Learning how to pace yourself in any of the three disciplines is challenging and can take some time. But, it’s especially challenging in the triathlon run. In training, it’s important to work on your goal pacing and variable pacing. Does your body know the difference between a 10 minute, 9 minute, 7 minute and 5 minute mile effort feel like? Do you have a specific marathon time goal? Are you training at or near that pace? It’s critical to learn both the mental and physical aspects of training at variable paces and how to finish strong.

Importance of a strong finish

Do you start your interval or tempo sessions strong and then progressively fade through the workout? Or does your Ironman marathon start out strong and steady only to end with a foot dragging walk? Although true for so many of us, this shows a lack of pace discipline in training and possibly a lack of volume and frequency of run training specifically. Just think of how much faster you could run with a strong finish. You can learn how to run the second half faster than the first.  Train this and you can!

How and when to do progression runs – 

They can be done mostly year round and become more specific as you get closer to your race season. To measure intensity, use RPE, speed, power, challenging terrain, etc. And, remember to use it for goal race pace simulation. 

-If you’re new to running progressively, start with a shorter run of 3-4 miles.

-You can work more on running by feel by using RPE (rating of perceived exertion); check in with your watch to see how you’re managing.

-You can try any distance run and run 75-90% at a steady easy pace, then for the final 15-25 % gradually pick up the pace

-Super fast finish: running super fast to simulate fast closing miles or sprint finish.

– You can start progression runs at the end of your base phase, starting with once per week. Depending on your experience level, this can increase up to 3-4x/week, up to and including your long run.

Sample progression run and bike+run workouts 

These runs can be structured (specific distances or time intervals throughout the run) or general (just getting faster). 

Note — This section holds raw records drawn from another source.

(* Let $\boldsymbol\lambda\ne\boldsymbol\mu$ in $\Pi^l_m$ and $\lambda,\mu\in\Pi$ with $\boldsymbol\lambda\leftrightarrow\lambda$, $\boldsymbol\mu\leftrightarrow\mu$ and $|\lambda|=|\mu|=r$. Then $$a'_{\boldsymbol\lambda,\boldsymbol\mu}(1)=\varepsilon(\boldsymbol\lambda,\boldsymbol\mu)\sum_{\mathbf V}\alpha'_{\mathbf V}(1),$$ the sum running over all good sequences $\mathbf V$ with respect to $(\lambda,\mu)$, where $\varepsilon(\boldsymbol\lambda,\boldsymbol\mu)=(-1)^{\kappa(\mathbf d(\mu))+\ell(v(\omega.\boldsymbol\beta(\mu)))+\ell(v(\boldsymbol\beta(\lambda)))}$.
   Context: Fix $n,l,m\ge1$, $\mathbf s_l=(s_1,\dots,s_l)\in\mathbb Z^l$, $s=\sum s_b$. Each $k\in\mathbb Z$ is uniquely $k=c(k)+n(d(k)-1)+nl\,m(k)$, $c(k)\in\{1..n\}$, $d(k)\in\{1..l\}$; $\phi(k)=c(k)+n\,m(k)$. $\Pi^l_m$ is the set of $l$-tuples of partitions of total size $m$; $\boldsymbol\lambda\leftrightarrow\lambda$ iff $\{(\lambda^{(b)}_i+s_b+1-i,b)\}=\{(\phi(k),d(k)):k\in\{\lambda_i+s+1-i:i\ge1\}\}$. Tuples: for $\mathbf k\in\mathbb Z^r$, $\mathbf c(\mathbf k),\mathbf d(\mathbf k)$ componentwise; $\sigma.(k_1,\dots,k_r)=(k_{\sigma^{-1}(1)},\dots,k_{\sigma^{-1}(r)})$; $v(\mathbf k)$ is the minimal-length $\sigma$ with $\mathbf d(\mathbf k)=\sigma.\mathbf b$, $\mathbf b$ the weakly decreasing rearrangement of $\mathbf d(\mathbf k)$; $\ell$ Coxeter length; $\kappa(\mathbf a)=\#\{i<j:a_i=a_j\}$; $\omega$ longest element. For $|\lambda|=r$, $\boldsymbol\beta(\lambda)=(\lambda_i+s+1-i)_{i\le r}$, $\mathbf c(\lambda),\mathbf d(\lambda)$ those of $\boldsymbol\beta(\lambda)$. Wedge space $\Lambda^s$ (Uglov): $\mathbb C(q)$-span of symbols $v_{k_1}\wedge v_{k_2}\wedge\cdots$ ($k_i=s+1-i$ for $i\gg0$), with basis the ordered symbols ($k_1>k_2>\cdots$); any symbol is straightened by applying to adjacent pairs $v_{k_1}\wedge v_{k_2}$, $k_1\le k_2$, rules (R1)–(R4) (with $\gamma,\delta\in\{0..nl-1\}$ the residues mod $nl$ of $c(k_2)-c(k_1)$, $n(d(k_2)-d(k_1))$; sums over $i$ giving ordered two-factor wedges): (R1) $\gamma=\delta=0$: $v_{k_1}\wedge v_{k_2}=-v_{k_2}\wedge v_{k_1}$. (R2) $\gamma>0,\delta=0$: $=-q^{-1}v_{k_2}\wedge v_{k_1}-(q^{-2}-1)\sum_{i\ge1}q^{-2i+1}v_{k_2-nli}\wedge v_{k_1+nli}+(q^{-2}-1)\sum_{i\ge0}q^{-2i}v_{k_2-\gamma-nli}\wedge v_{k_1+\gamma+nli}$. (R3) $\gamma=0,\delta>0$: $=-qv_{k_2}\wedge v_{k_1}-(q^2-1)\sum_{i\ge1}q^{2i-1}v_{k_2-nli}\wedge v_{k_1+nli}+(q^2-1)\sum_{i\ge0}q^{2i}v_{k_2-\delta-nli}\wedge v_{k_1+\delta+nli}$. (R4) $\gamma,\delta>0$: $=-v_{k_2}\wedge v_{k_1}-(q-q^{-1})\sum_{i\ge1}\frac{q^{2i}-q^{-2i}}{q+q^{-1}}v_{k_2-nli}\wedge v_{k_1+nli}-(q-q^{-1})\sum_{i\ge0}\frac{q^{2i+1}+q^{-2i-1}}{q+q^{-1}}v_{k_2-\gamma-nli}\wedge v_{k_1+\gamma+nli}+(q-q^{-1})\sum_{i\ge0}\frac{q^{2i+1}+q^{-2i-1}}{q+q^{-1}}v_{k_2-\delta-nli}\wedge v_{k_1+\delta+nli}+(q-q^{-1})\sum_{i\ge0}\frac{q^{2i+2}-q^{-2i-2}}{q+q^{-1}}v_{k_2-\gamma-\delta-nli}\wedge v_{k_1+\gamma+\delta+nli}$. For $|\lambda|=r$: $v_\lambda=v_{k_1}\wedge v_{k_2}\wedge\cdots$, $k_i=\lambda_i+s+1-i$; $v_{\sigma.\lambda}$ is $v_\lambda$ with first $r$ indices replaced by $\sigma.\boldsymbol\beta(\lambda)$; $|\lambda,s\rangle=(-1)^{\ell(v(\boldsymbol\beta(\lambda)))}v_\lambda$; the involution is $\mathbb C$-linear, $q\mapsto q^{-1}$, $\overline{|\lambda,s\rangle}=(-1)^{\kappa(\mathbf d(\lambda))+\ell(v(\omega.\boldsymbol\beta(\lambda)))}q^{\kappa(\mathbf d(\lambda))-\kappa(\mathbf c(\lambda))}v_{\omega.\lambda}$. $a_{\boldsymbol\lambda,\boldsymbol\mu}(q)$ is defined by $\overline{|\mu,s\rangle}=\sum_{\boldsymbol\lambda\in\Pi^l_m}a_{\boldsymbol\lambda,\boldsymbol\mu}(q)|\lambda,s\rangle$ ($\boldsymbol\lambda\leftrightarrow\lambda$). Sequences: all wedges below have first $r$ indices $\mathbf k=(k_1,\dots,k_r)$ followed by the fixed tail $s-r,s-r-1,\dots$; write $v_{\mathbf k}$. $v_{\mathbf k}\to v_{\mathbf l}$ ("adjacent") if there is $i$ with $k_i\le k_{i+1}$, $k_j>k_{j+1}$ for all $j<i$, $k_j=l_j$ for $j\notin\{i,i+1\}$, and $v_{l_i}\wedge v_{l_{i+1}}$ has nonzero coefficient $\alpha(v_{\mathbf k},v_{\mathbf l})$ in the straightening of $v_{k_i}\wedge v_{k_{i+1}}$ by the applicable rule; put $m(v_{\mathbf k},v_{\mathbf l})=0$ if $(l_i,l_{i+1})=(k_{i+1},k_i)$ (written $\overset{\bullet}{\to}$) and $1$ otherwise. An admissible sequence is $\mathbf V=(v_{\mathbf k_0}\to\cdots\to v_{\mathbf k_N})$; $\alpha_{\mathbf V}(q)=\prod_i\alpha(v_{\mathbf k_{i-1}},v_{\mathbf k_i})$, $m(\mathbf V)=\sum_i m(v_{\mathbf k_{i-1}},v_{\mathbf k_i})$. It is $(\lambda,\mu)$-admissible if $v_{\mathbf k_0}=v_{\omega.\mu}$ and $v_{\mathbf k_N}=v_\lambda$, and good if moreover $m(\mathbf V)=1$. *)

theory Defs
  imports Complex_Main "HOL-Combinatorics.Permutations" "HOL-Analysis.Derivative"
begin

text \<open>k = c(k) + n (d(k) - 1) + n l m(k), with c(k) in 1..n and d(k) in 1..l.\<close>

definition cc :: "nat \<Rightarrow> nat \<Rightarrow> int \<Rightarrow> int" where
  "cc n l k = (k - 1) mod int n + 1"

definition dd :: "nat \<Rightarrow> nat \<Rightarrow> int \<Rightarrow> int" where
  "dd n l k = ((k - 1) div int n) mod int l + 1"

definition mm :: "nat \<Rightarrow> nat \<Rightarrow> int \<Rightarrow> int" where
  "mm n l k = (k - 1) div (int n * int l)"

definition phi :: "nat \<Rightarrow> nat \<Rightarrow> int \<Rightarrow> int" where
  "phi n l k = cc n l k + int n * mm n l k"

text \<open>A partition is a weakly decreasing list of positive naturals; its i-th part
  (i \<ge> 1) is the (i-1)-th list entry, or 0 beyond the length.\<close>

definition is_partition :: "nat list \<Rightarrow> bool" where
  "is_partition p \<longleftrightarrow> sorted_wrt (\<ge>) p \<and> 0 \<notin> set p"

definition part :: "nat list \<Rightarrow> nat \<Rightarrow> nat" where
  "part p i = (if 1 \<le> i \<and> i \<le> length p then p ! (i - 1) else 0)"

definition psize :: "nat list \<Rightarrow> nat" where
  "psize p = sum_list p"

definition multipartitions :: "nat \<Rightarrow> nat \<Rightarrow> nat list list set" where
  "multipartitions l m = {P. length P = l \<and> (\<forall>p\<in>set P. is_partition p) \<and> sum_list (map psize P) = m}"

text \<open>The correspondence between multipartitions and partitions (sl = charge vector s_l,
  s = sum of its entries; component b is indexed 1..l and stored at list index b-1).\<close>
definition corresp :: "nat \<Rightarrow> nat \<Rightarrow> int list \<Rightarrow> nat list list \<Rightarrow> nat list \<Rightarrow> bool" where
  "corresp n l sl P p \<longleftrightarrow>
     {(int (part (P ! (b - 1)) i) + sl ! (b - 1) + 1 - int i, int b) | i b. 1 \<le> i \<and> 1 \<le> b \<and> b \<le> l}
   = {(phi n l k, dd n l k) | k. \<exists>i\<ge>1. k = int (part p i) + sum_list sl + 1 - int i}"

definition beta :: "int \<Rightarrow> nat list \<Rightarrow> int list" where
  "beta s p = map (\<lambda>i. int (part p i) + s + 1 - int i) [1..<psize p + 1]"

text \<open>Permutations of positions 0..r-1 (0-based); sigma.(k)_j = k_{sigma^{-1}(j)}.\<close>
definition act :: "(nat \<Rightarrow> nat) \<Rightarrow> 'a list \<Rightarrow> 'a list" where
  "act \<sigma> k = map (\<lambda>j. k ! inv \<sigma> j) [0..<length k]"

  • Break your run into thirds: first third easy, second third moderate, third section fast.
  • Very fast finish: any length run, finish very hard and fast the last 2-8 minutes.
  • Increase your pace by ten seconds/mile for a certain number of miles.
  • Build your long run into a marathon pace finish to train your goal marathon pace effort
  • Go faster with each mile
  • Go progressively faster every 5-10 minutes for 20-45 minutes
  • Negative split your run off the bike. After your ride, get off and run an easier first mile and fast 2nd mile OR get progressively faster every 5 minutes for 20-30 minutes.

Training to run negative splits in triathlon is a learned skill that combines: 

Controlled pacing in workouts, running off the bike with purpose, learning run pace discipline and confidence that builds through training.  It doesn’t happen overnight, but if you train this way consistently, you’ll feel stronger, race stronger and smarter and finish faster.